Another Insult From Verizon

SOLD: Western Electric antique wallmount telephone
I almost deleted the email as probable spam, but then I actually read it:

Thank you for being a loyal Verizon customer. At Verizon, we are committed to bring you the best suite of products and the most current capabilities, while providing the value and quality of service that you expect. From time to time, we must make changes to our product offering to meet these goals. Beginning May 6, 2012, we will no longer offer High Speed Internet without local voice service on the same account.
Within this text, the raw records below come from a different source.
(* For every $n\ge 1$, the Jonquières group $\mathcal{B}_n$ is solvable of derived length $n+1$.
   Context: $\mathcal{B}_n=\{f=(f_1,\dots,f_n)\in\mathrm{Aut}(\mathbb{A}^n_{\mathbb{C}}): f_i=a_ix_i+p_i,\ a_i\in\mathbb{C}^*,\ p_i\in\mathbb{C}[x_{i+1},\dots,x_n]\}$. For a group $G$, $D^0(G)=G$, $D^{k}(G)$ is the subgroup generated by commutators of $D^{k-1}(G)$; the derived length is the least $k$ with $D^k(G)=\{1\}$. *)

theory Defs
  imports Complex_Main "HOL-Algebra.Solvable_Groups"
begin

text \<open>Polynomial functions on points x :: nat \<Rightarrow> complex that only involve the
  coordinates x j with j \<in> V (i.e. elements of \<complex>[x_j : j \<in> V], viewed as functions;
  over the infinite field \<complex> polynomials and polynomial functions correspond bijectively).\<close>
inductive_set poly_fun :: "nat set \<Rightarrow> ((nat \<Rightarrow> complex) \<Rightarrow> complex) set"
  for V :: "nat set" where
  const: "(\<lambda>x. c) \<in> poly_fun V"
| var: "j \<in> V \<Longrightarrow> (\<lambda>x. x j) \<in> poly_fun V"
| add: "p \<in> poly_fun V \<Longrightarrow> q \<in> poly_fun V \<Longrightarrow> (\<lambda>x. p x + q x) \<in> poly_fun V"
| mult: "p \<in> poly_fun V \<Longrightarrow> q \<in> poly_fun V \<Longrightarrow> (\<lambda>x. p x * q x) \<in> poly_fun V"

text \<open>Points of \<A>^n are represented by x :: nat \<Rightarrow> complex; only the coordinates
  x 1, ..., x n matter, all other coordinates are normalised to 0.\<close>
definition jonq_id :: "nat \<Rightarrow> (nat \<Rightarrow> complex) \<Rightarrow> (nat \<Rightarrow> complex)" where
  "jonq_id n = (\<lambda>x i. if i \<in> {1..n} then x i else 0)"

definition jonq_set :: "nat \<Rightarrow> ((nat \<Rightarrow> complex) \<Rightarrow> (nat \<Rightarrow> complex)) set" where
  "jonq_set n = {f. \<exists>a p. (\<forall>i\<in>{1..n}. a i \<noteq> (0::complex) \<and> p i \<in> poly_fun {i+1..n}) \<and>
      f = (\<lambda>x i. if i \<in> {1..n} then a i * x i + p i x else 0)}"

definition jonquieres :: "nat \<Rightarrow> ((nat \<Rightarrow> complex) \<Rightarrow> (nat \<Rightarrow> complex)) monoid" where
  "jonquieres n = \<lparr>carrier = jonq_set n, mult = (\<lambda>f g. f \<circ> g), one = jonq_id n\<rparr>"

definition derived_length :: "('a, 'b) monoid_scheme \<Rightarrow> nat" where
  "derived_length G = (LEAST k. (derived G ^^ k) (carrier G) = {\<one>\<^bsub>G\<^esub>})"

end

theory Submission
  imports Defs
begin

text \<open>Upper bound: the diagonal coefficient of each coordinate is multiplicative, so the
  derived subgroup consists of maps with unit diagonal. On the unit-diagonal maps that fix
  x_(k+1),...,x_n, the displacement f_k(x) - x_k is additive, hence it vanishes on their
  commutators; so each further derivation frees one more coordinate and D^(n+1) is trivial.
  Lower bound: the shear x_m \<mapsto> x_m + c x_(m+1)\<cdots>x_(m+r) is both the commutator of
  the dilation x_m \<mapsto> 2 x_m with itself and the commutator of the shear with one more
  factor x_(m+r+1) with the translation of x_(m+r+1). Hence the translation x_1 \<mapsto> x_1 + 1 lies in D^n.\<close>

lemma (in group) derived_set_subset_kernel:
  assumes "Groups.comm_monoid op e" and H: "subgroup H G"
    and hom: "\<And>x y. x \<in> H \<Longrightarrow> y \<in> H \<Longrightarrow> \<phi> (x \<otimes> y) = op (\<phi> x) (\<phi> y)"
    and one: "\<phi> \<one> = e"
  shows "derived_set G H \<subseteq> {h \<in> H. \<phi> h = e}"
proof
  interpret op: Groups.comm_monoid op e by (rule assms(1))
  interpret H: subgroup H G by (rule H)
  have inv: "op (\<phi> x) (\<phi> (inv x)) = e" if "x \<in> H" for x
    using hom[of x "inv x"] that one by simp
  fix c assume "c \<in> derived_set G H"
  then obtain x y where xy: "x \<in> H" "y \<in> H" and c: "c = x \<otimes> y \<otimes> inv x \<otimes> inv y" by blast
  have "\<phi> c = op (op (\<phi> x) (\<phi> (inv x))) (op (\<phi> y) (\<phi> (inv y)))"
    using xy by (simp add: c hom op.assoc op.left_commute)
  then have "\<phi> c = e" using inv xy by simp
  moreover have "c \<in> H" using xy by (simp add: c)
  ultimately show "c \<in> {h \<in> H. \<phi> h = e}" by blast
qed

lemma poly_fun_cong: "p \<in> poly_fun V \<Longrightarrow> (\<And>j. j \<in> V \<Longrightarrow> x j = y j) \<Longrightarrow> p x = p y"
  by (induction p rule: poly_fun.induct) auto

lemma poly_fun_mono: "p \<in> poly_fun V \<Longrightarrow> V \<subseteq> W \<Longrightarrow> p \<in> poly_fun W"
  by (induction p rule: poly_fun.induct) (auto intro: poly_fun.intros)

lemma poly_fun_compose:
  "p \<in> poly_fun V \<Longrightarrow> (\<And>j. j \<in> V \<Longrightarrow> (\<lambda>x. g x j) \<in> poly_fun W) \<Longrightarrow> (\<lambda>x. p (g x)) \<in> poly_fun W"
  by (induction p rule: poly_fun.induct) (auto intro: poly_fun.intros)

lemma poly_fun_cmult: "p \<in> poly_fun V \<Longrightarrow> (\<lambda>x. c * p x) \<in> poly_fun V"
  by (rule poly_fun.mult[OF poly_fun.const])

lemma poly_fun_neg_divide: "p \<in> poly_fun V \<Longrightarrow> (\<lambda>x. - p x / c) \<in> poly_fun V"
  using poly_fun_cmult[of p V "-1/c"] by simp

lemma poly_fun_prod: "finite S \<Longrightarrow> S \<subseteq> V \<Longrightarrow> (\<lambda>x. \<Prod>l\<in>S. x l) \<in> poly_fun V"
  by (induction S rule: finite_induct) (auto intro: poly_fun.intros)

lemma jonq_set_iff:
  "f \<in> jonq_set n \<longleftrightarrow> (\<forall>x i. i \<notin> {1..n} \<longrightarrow> f x i = 0) \<and>
     (\<forall>i\<in>{1..n}. \<exists>a p. a \<noteq> 0 \<and> p \<in> poly_fun {i+1..n} \<and> (\<forall>x. f x i = a * x i + p x))"
  (is "_ \<longleftrightarrow> ?outside \<and> ?coords")
proof
  assume "f \<in> jonq_set n"
  then show "?outside \<and> ?coords" unfolding jonq_set_def by fastforce
next
  assume *: "?outside \<and> ?coords"
  then obtain a p where ap: "\<And>i. i \<in> {1..n} \<Longrightarrow>
      a i \<noteq> 0 \<and> p i \<in> poly_fun {i+1..n} \<and> (\<forall>x. f x i = a i * x i + p i x)"
    by metis
  have "f = (\<lambda>x i. if i \<in> {1..n} then a i * x i + p i x else 0)"
    using ap * by (auto simp: fun_eq_iff)
  then show "f \<in> jonq_set n" unfolding jonq_set_def using ap by blast
qed

lemma jonq_set_outside: "f \<in> jonq_set n \<Longrightarrow> i \<notin> {1..n} \<Longrightarrow> f x i = 0"
  by (simp add: jonq_set_iff)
Let me get this straight — to reward my loyalty, and as part of their commitment to bringing me the value I expect, Verizon has decided that if I ever move and want to retain their DSL service I must also pay them every month for a landline phone that I don’t want and can’t use? I think “ridiculous” is among the nicer words I can use to describe that scenario. And even if I had enough use for a land line to get one, it surely wouldn’t be their outrageously overpriced service, it would be something like magicJack Plus which offers effectively the same thing for a tiny fraction of the price.
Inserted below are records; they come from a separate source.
definition birational_v :: "(complex^2 \<Rightarrow> complex^2) \<Rightarrow> bool" where
  "birational_v F \<longleftrightarrow> rational_map_v F \<and>
    (\<exists>G. rational_map_v G \<and>
      (\<exists>h. polyfun vcoords h \<and> (\<exists>x. h x \<noteq> 0) \<and>
         (\<forall>x. h x \<noteq> 0 \<longrightarrow> regular_v F x \<and> regular_v G (val_v F x) \<and> val_v G (val_v F x) = x)) \<and>
      (\<exists>h. polyfun vcoords h \<and> (\<exists>x. h x \<noteq> 0) \<and>
         (\<forall>x. h x \<noteq> 0 \<longrightarrow> regular_v G x \<and> regular_v F (val_v G x) \<and> val_v F (val_v G x) = x)))"

definition compatible_conj :: "(complex^2^2 \<Rightarrow> complex^2^2) \<Rightarrow> bool" where
  "compatible_conj F \<longleftrightarrow> (\<forall>A M. invertible A \<longrightarrow> regular_m F M \<longrightarrow>
      regular_m F (A ** M ** matrix_inv A) \<longrightarrow>
      A ** val_m F M ** matrix_inv A = val_m F (A ** M ** matrix_inv A))"

definition diag2 :: "complex^2 \<Rightarrow> complex^2^2" where
  "diag2 x = (\<chi> i j. if i = j then x $ i else 0)"

definition restrict_diag :: "(complex^2^2 \<Rightarrow> complex^2^2) \<Rightarrow> complex^2 \<Rightarrow> complex^2" where
  "restrict_diag F x = (\<chi> i. val_m F (diag2 x) $ i $ i)"

end

theory Submission
  imports Defs "HOL-Homology.Invariance_of_Domain"
begin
I guess I’m not the only one who refuses to overpay for a land line, and I suspect the problem here is that Verizon executives have clumsily responded to minimal demand for this overpriced service by holding the services people actually do want hostage. I don’t think that will work, and it surely won’t work on me. I’m grandfathered in, apparently, and hopefully that means as long as I stay at this address. But in a few years we’ll move, and if this policy is still in play at that time, that will be the last straw that finally pushes us to a different Internet service provider.
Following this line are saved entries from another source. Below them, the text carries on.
(* Let $n\in\mathbb N$, let $\psi\colon\mathbb R\to\mathbb R$ be a $C^n$ function whose $n$-th derivative $\psi^{(n)}$ is not identically zero, and let $p\colon\mathbb R^m\to\mathbb R^r$ be a polynomial map of degree at most $n$. Let $\mathcal A=(d_0,\dots,d_k,\psi)$ be a neural network architecture with $d_0=m$, $d_k=r$ and activation function $\psi$, such that there is a hidden layer $0<i<k$ with $d_i\ge r\left(\binom{n+m}{m}-m\right)$, $\min(d_0,\dots,d_{i-1})\ge d_0$, and $\min(d_{i+1},\dots,d_k)\ge d_k$. Then $p$ can be approximated uniformly on compact subsets of $\mathbb R^m$ by responses $\mathcal N^{\mathcal A}_\theta$, $\theta\in\mathbb R^{d(\mathcal A)}$; that is, there is a sequence $(\theta_j)$ in $\mathbb R^{d(\mathcal A)}$ with $\mathcal N^{\mathcal A}_{\theta_j}\to p$ uniformly on compact sets.
   Context: A neural network architecture is $\mathcal A=(d_0,\dots,d_k,\psi)$ with positive integers $d_i$ and $\psi\colon\mathbb R\to\mathbb R$; $d(\mathcal A)=\sum_{i=1}^kd_i(d_{i-1}+1)$; $\theta\in\mathbb R^{d(\mathcal A)}$ is identified with $(W_1,b_1,\dots,W_k,b_k)$, $W_i\in\mathbb R^{d_i\times d_{i-1}},b_i\in\mathbb R^{d_i}$; the response is $\mathcal N^{\mathcal A}_\theta=f_k\circ\dots\circ f_1\colon\mathbb R^{d_0}\to\mathbb R^{d_k}$ with $f_i(x)=\psi^{(d_i)}(W_ix+b_i)$ for $i<k$ ($\psi$ applied componentwise) and $f_k(x)=W_kx+b_k$. Layers $1,\dots,k-1$ are the hidden layers. *)

theory Defs
  imports "HOL-Analysis.Analysis"
begin

text \<open>Vectors in R^d are represented as functions nat => real; only the
  coordinates 0..d-1 are meaningful.  R^m itself is the subset
  {x. \<forall>i\<ge>m. x i = 0} of nat => real (product topology).\<close>

definition euclid :: "nat \<Rightarrow> (nat \<Rightarrow> real) set" where
  "euclid m = {x. \<forall>i\<ge>m. x i = 0}"

definition C_n :: "nat \<Rightarrow> (real \<Rightarrow> real) \<Rightarrow> bool" where
  "C_n n \<psi> \<longleftrightarrow> (\<forall>k<n. \<forall>x. (deriv ^^ k) \<psi> differentiable at x)
                   \<and> continuous_on UNIV ((deriv ^^ n) \<psi>)"

definition multi_indices :: "nat \<Rightarrow> nat \<Rightarrow> (nat \<Rightarrow> nat) set" where
  "multi_indices m n = {\<alpha>. (\<forall>i\<ge>m. \<alpha> i = 0) \<and> (\<Sum>i<m. \<alpha> i) \<le> n}"

definition poly_map :: "nat \<Rightarrow> nat \<Rightarrow> nat \<Rightarrow> ((nat \<Rightarrow> nat) \<Rightarrow> nat \<Rightarrow> real)
                        \<Rightarrow> (nat \<Rightarrow> real) \<Rightarrow> (nat \<Rightarrow> real)" where
  "poly_map m r n c x = (\<lambda>j. if j < r then
      (\<Sum>\<alpha>\<in>multi_indices m n. c \<alpha> j * (\<Prod>i<m. x i ^ \<alpha> i)) else 0)"

definition affine_layer :: "nat \<Rightarrow> nat \<Rightarrow> (nat \<Rightarrow> nat \<Rightarrow> real) \<Rightarrow> (nat \<Rightarrow> real)
                            \<Rightarrow> (nat \<Rightarrow> real) \<Rightarrow> (nat \<Rightarrow> real)" where
  "affine_layer din dout W b x = (\<lambda>i. if i < dout then (\<Sum>j<din. W i j * x j) + b i else 0)"

text \<open>Response of the network with architecture (d_0,...,d_k, psi), given as the
  dimension list ds = [d_0,...,d_k] and parameters
  theta = [(W_1,b_1),...,(W_k,b_k)]  (so length theta = k = length ds - 1).\<close>
fun nn_response :: "(real \<Rightarrow> real) \<Rightarrow> nat list \<Rightarrow> ((nat \<Rightarrow> nat \<Rightarrow> real) \<times> (nat \<Rightarrow> real)) list
                     \<Rightarrow> (nat \<Rightarrow> real) \<Rightarrow> (nat \<Rightarrow> real)" where
  "nn_response \<psi> (d0 # d1 # ds) (Wb # \<theta>) x =
     (let y = affine_layer d0 d1 (fst Wb) (snd Wb) x in
      if ds = [] then y
      else nn_response \<psi> (d1 # ds) \<theta> (\<lambda>i. if i < d1 then \<psi> (y i) else 0))"
| "nn_response \<psi> _ _ x = x"

end

theory Submission
  imports Defs
begin

text \<open>Choose a point \<open>b\<close> at which the derivatives of \<open>\<psi>\<close> of orders \<open>1, \<dots>, n\<close> are all nonzero.
  For each nonlinear multi-index \<open>\<beta>\<close> (\<open>2 \<le> |\<beta>| \<le> n\<close>) the Taylor expansion of the neuron
  \<open>\<psi>(b + h \<beta> \<cdot> u)\<close> contains the powers \<open>(\<beta> \<cdot> u)\<^sup>l\<close>; since the matrix \<open>(\<beta>\<^sup>\<gamma>)\<close> over nonlinear
  multi-indices is invertible, suitable combinations of these neurons isolate every monomial of
  degree \<open>\<ge> 2\<close>, and one further neuron, an approximate identity, supplies the linear part. So
  each coordinate of \<open>p\<close> is approximated on a cube by a shallow network with \<open>C(n + m, m) - m\<close>
  neurons. The deep network places these shallow networks side by side in the wide layer, while
  every other hidden layer relays its input through neurons \<open>\<psi>(b + s z)\<close> with \<open>s\<close> small, which
  after affine decoding approximate the identity.\<close>

section \<open>Smooth activation functions\<close>

lemma C_n_has_real_derivative:
  assumes "C_n n \<psi>" "j < n"
  shows "((deriv ^^ j) \<psi> has_real_derivative (deriv ^^ Suc j) \<psi> x) (at x)"
  using assms unfolding C_n_def by (simp add: DERIV_deriv_iff_real_differentiable)

lemma C_n_isCont:
  assumes "C_n n \<psi>" "j \<le> n"
  shows "isCont ((deriv ^^ j) \<psi>) x"
proof (cases "j < n")
  case True
  then show ?thesis using C_n_has_real_derivative[OF assms(1)] DERIV_isCont by blast
next
  case False
  then show ?thesis
    using assms unfolding C_n_def by (simp add: continuous_on_eq_continuous_at)
qed

lemma C_n_continuous: "C_n n \<psi> \<Longrightarrow> continuous_on UNIV \<psi>"
  using C_n_isCont[of n \<psi> 0] by (simp add: continuous_at_imp_continuous_on)

lemma C_n_taylor_remainder:
  assumes "C_n n \<psi>" "1 \<le> j" "j \<le> n" "e > 0"
  shows "\<exists>\<delta>>0. \<forall>t. \<bar>t\<bar> < \<delta> \<longrightarrow>
     \<bar>\<psi> (b + t) - (\<Sum>l\<le>j. (deriv ^^ l) \<psi> b / fact l * t ^ l)\<bar> \<le> e * \<bar>t\<bar> ^ j"
proof -
  let ?D = "\<lambda>l. (deriv ^^ l) \<psi>"
  have "isCont (?D j) b" "e * fact j > 0"
    using C_n_isCont assms by auto
  then obtain \<delta> where \<delta>: "\<delta> > 0" "\<And>y. \<bar>y - b\<bar> < \<delta> \<Longrightarrow> \<bar>?D j y - ?D j b\<bar> < e * fact j"
    unfolding continuous_at_eps_delta dist_real_def by blast
  have "\<bar>\<psi> (b + t) - (\<Sum>l\<le>j. ?D l b / fact l * t ^ l)\<bar> \<le> e * \<bar>t\<bar> ^ j"
    if t: "\<bar>t\<bar> < \<delta>" for t
  proof (cases "t = 0")
    case True
    then show ?thesis using assms(2) by (simp add: sum.atMost_shift power_0_left)
  next
    case False
    have "\<forall>l s. l < j \<and> b - \<bar>t\<bar> \<le> s \<and> s \<le> b + \<bar>t\<bar> \<longrightarrow> DERIV (?D l) s :> ?D (Suc l) s"
      using C_n_has_real_derivative[OF assms(1)] assms(3) by auto
    then have "\<exists>z. (if b + t < b then b + t < z \<and> z < b else b < z \<and> z < b + t) \<and>
      \<psi> (b + t) = (\<Sum>l<j. ?D l b / fact l * (b + t - b) ^ l) + ?D j z / fact j * (b + t - b) ^ j"
      by (intro Taylor[of j ?D \<psi> "b - \<bar>t\<bar>" "b + \<bar>t\<bar>" b "b + t"]) (use False assms(2) in auto)
    then obtain z where z: "if b + t < b then b + t < z \<and> z < b else b < z \<and> z < b + t"
      "\<psi> (b + t) = (\<Sum>l<j. ?D l b / fact l * (b + t - b) ^ l) + ?D j z / fact j * (b + t - b) ^ j"
      by blast
    have "\<psi> (b + t) - (\<Sum>l\<le>j. ?D l b / fact l * t ^ l) = (?D j z - ?D j b) / fact j * t ^ j"
      using z(2) by (simp add: lessThan_Suc_atMost[symmetric] diff_divide_distrib left_diff_distrib)
    also have "\<bar>\<dots>\<bar> = \<bar>?D j z - ?D j b\<bar> / fact j * \<bar>t\<bar> ^ j"
      by (simp add: abs_mult power_abs)
    also have "\<dots> \<le> e * \<bar>t\<bar> ^ j"
    proof -
      have "\<bar>z - b\<bar> < \<delta>" using z(1) t by (auto split: if_splits)
      then have "\<bar>?D j z - ?D j b\<bar> / fact j \<le> e"
        using \<delta>(2) by (simp add: divide_le_eq mult.commute less_imp_le)
      then show ?thesis by (intro mult_right_mono) auto
    qed
    finally show ?thesis .
  qed
  then show ?thesis using \<delta>(1) by blast
qed

text \<open>By the mean value theorem a function whose derivative does not vanish on \<open>(a, c)\<close>
  has at most one zero there, so it has no zero on one of the two halves.\<close>

lemma nonzero_on_subinterval:
  fixes f f' :: "real \<Rightarrow> real"
  assumes f': "\<And>y. (f has_real_derivative f' y) (at y)"
    and ac: "a < c" and nz: "\<And>y. a < y \<Longrightarrow> y < c \<Longrightarrow> f' y \<noteq> 0"
  shows "\<exists>a' c'. a \<le> a' \<and> a' < c' \<and> c' \<le> c \<and> (\<forall>y. a' < y \<and> y < c' \<longrightarrow> f y \<noteq> 0)"
proof -
  define mid where "mid = (a + c) / 2"
  have at_most_one_zero: "z1 = z2"
    if zs: "a < z1" "z1 \<le> z2" "z2 < c" "f z1 = 0" "f z2 = 0" for z1 z2
  proof (rule ccontr)
    assume "z1 \<noteq> z2"
    then have "z1 < z2" using zs(2) by simp
    then obtain z where "z1 < z" "z < z2" "f z2 - f z1 = (z2 - z1) * f' z"
      using MVT2[of z1 z2 f f'] f' by blast
    then show False using nz[of z] zs by auto
  qed
  show ?thesis
  proof (cases "\<exists>z. a < z \<and> z < mid \<and> f z = 0")
    case True
    then obtain z where "a < z" "z < mid" "f z = 0" by blast
    then have "f y \<noteq> 0" if "mid < y" "y < c" for y
      using at_most_one_zero[of z y] that by auto
    then show ?thesis using ac by (intro exI[of _ mid] exI[of _ c]) (auto simp: mid_def)
  next
    case False
    then show ?thesis using ac by (intro exI[of _ a] exI[of _ mid]) (auto simp: mid_def)
  qed
qed

lemma C_n_derivs_nonzero_at:
  assumes "C_n n \<psi>" "(deriv ^^ n) \<psi> x0 \<noteq> 0" "1 \<le> n"
  shows "\<exists>b. \<forall>j. 1 \<le> j \<and> j \<le> n \<longrightarrow> (deriv ^^ j) \<psi> b \<noteq> 0"
proof -
  let ?D = "\<lambda>l. (deriv ^^ l) \<psi>"
  let ?P = "\<lambda>i. \<exists>a c. a < c \<and> (\<forall>y. a < y \<and> y < c \<longrightarrow> (\<forall>j. i \<le> j \<and> j \<le> n \<longrightarrow> ?D j y \<noteq> 0))"
  have "?P 1" using \<open>1 \<le> n\<close>
  proof (induction rule: inc_induct)
    case base
    obtain \<delta> where "\<delta> > 0" "\<And>y. dist x0 y < \<delta> \<Longrightarrow> ?D n y \<noteq> 0"
      using continuous_at_avoid[OF C_n_isCont[OF assms(1) order.refl] assms(2)] by blast
    then show ?case
      by (intro exI[of _ "x0 - \<delta>"] exI[of _ "x0 + \<delta>"]) (auto simp: dist_real_def)
  next
    case (step i)
    then obtain a c where ac: "a < c" "\<And>y j. a < y \<Longrightarrow> y < c \<Longrightarrow> Suc i \<le> j \<Longrightarrow> j \<le> n \<Longrightarrow> ?D j y \<noteq> 0"
      by blast
    have "?D (Suc i) y \<noteq> 0" if "a < y" "y < c" for y
      using ac(2)[of y "Suc i"] that step.hyps by simp
    then obtain a' c' where a'c': "a \<le> a'" "a' < c'" "c' \<le> c"
      and Di: "\<And>y. a' < y \<Longrightarrow> y < c' \<Longrightarrow> ?D i y \<noteq> 0"
      using nonzero_on_subinterval[of "?D i" "?D (Suc i)" a c] C_n_has_real_derivative[OF assms(1)]
        step.hyps ac(1) by blast
    have "\<forall>y. a' < y \<and> y < c' \<longrightarrow> (\<forall>j. i \<le> j \<and> j \<le> n \<longrightarrow> ?D j y \<noteq> 0)"
    proof (intro allI impI)
      fix y j assume "a' < y \<and> y < c'" "i \<le> j \<and> j \<le> n"
      then show "?D j y \<noteq> 0"
        using Di ac(2)[of y j] a'c' by (cases "j = i") auto
    qed
    then show ?case using a'c'(2) by blast
  qed
  then obtain a c where "a < c" "\<And>y j. a < y \<Longrightarrow> y < c \<Longrightarrow> 1 \<le> j \<Longrightarrow> j \<le> n \<Longrightarrow> ?D j y \<noteq> 0"
    by blast
  then show ?thesis by (intro exI[of _ "(a + c) / 2"]) auto
qed

text \<open>Near a point \<open>b\<close> with \<open>\<psi>'(b) \<noteq> 0\<close>, the map \<open>y \<mapsto> \<psi>(b + s y)\<close> is affine up to
  \<open>o(s)\<close>; undoing that affine map gives an approximate identity, which lets a layer
  of neurons pass its input on almost unchanged.\<close>

definition act_rescaled :: "(real \<Rightarrow> real) \<Rightarrow> real \<Rightarrow> real \<Rightarrow> real \<Rightarrow> real" where
  "act_rescaled \<psi> b s y = (\<psi> (b + s * y) - \<psi> b) / (s * deriv \<psi> b)"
I wish all these telecommunications companies and other media companies would get it that people want a single telecommunications connection that’s reliable and fairly priced, and they want to use that single pipe as the conduit for all the other applications, whether voice, TV, or other, that they can then get from a competitive marketplace. Perhaps it’s because the few large companies in the telecommuncations space are a cartel supported by municipal guarantees of monopoly that they’re so slow to adapt to what their customers actually want, or perhaps they realize in an efficient system, they can’t compete, but whatever the reason, the end of companies like Verizon thinking that customers can be coerced like this is long overdue.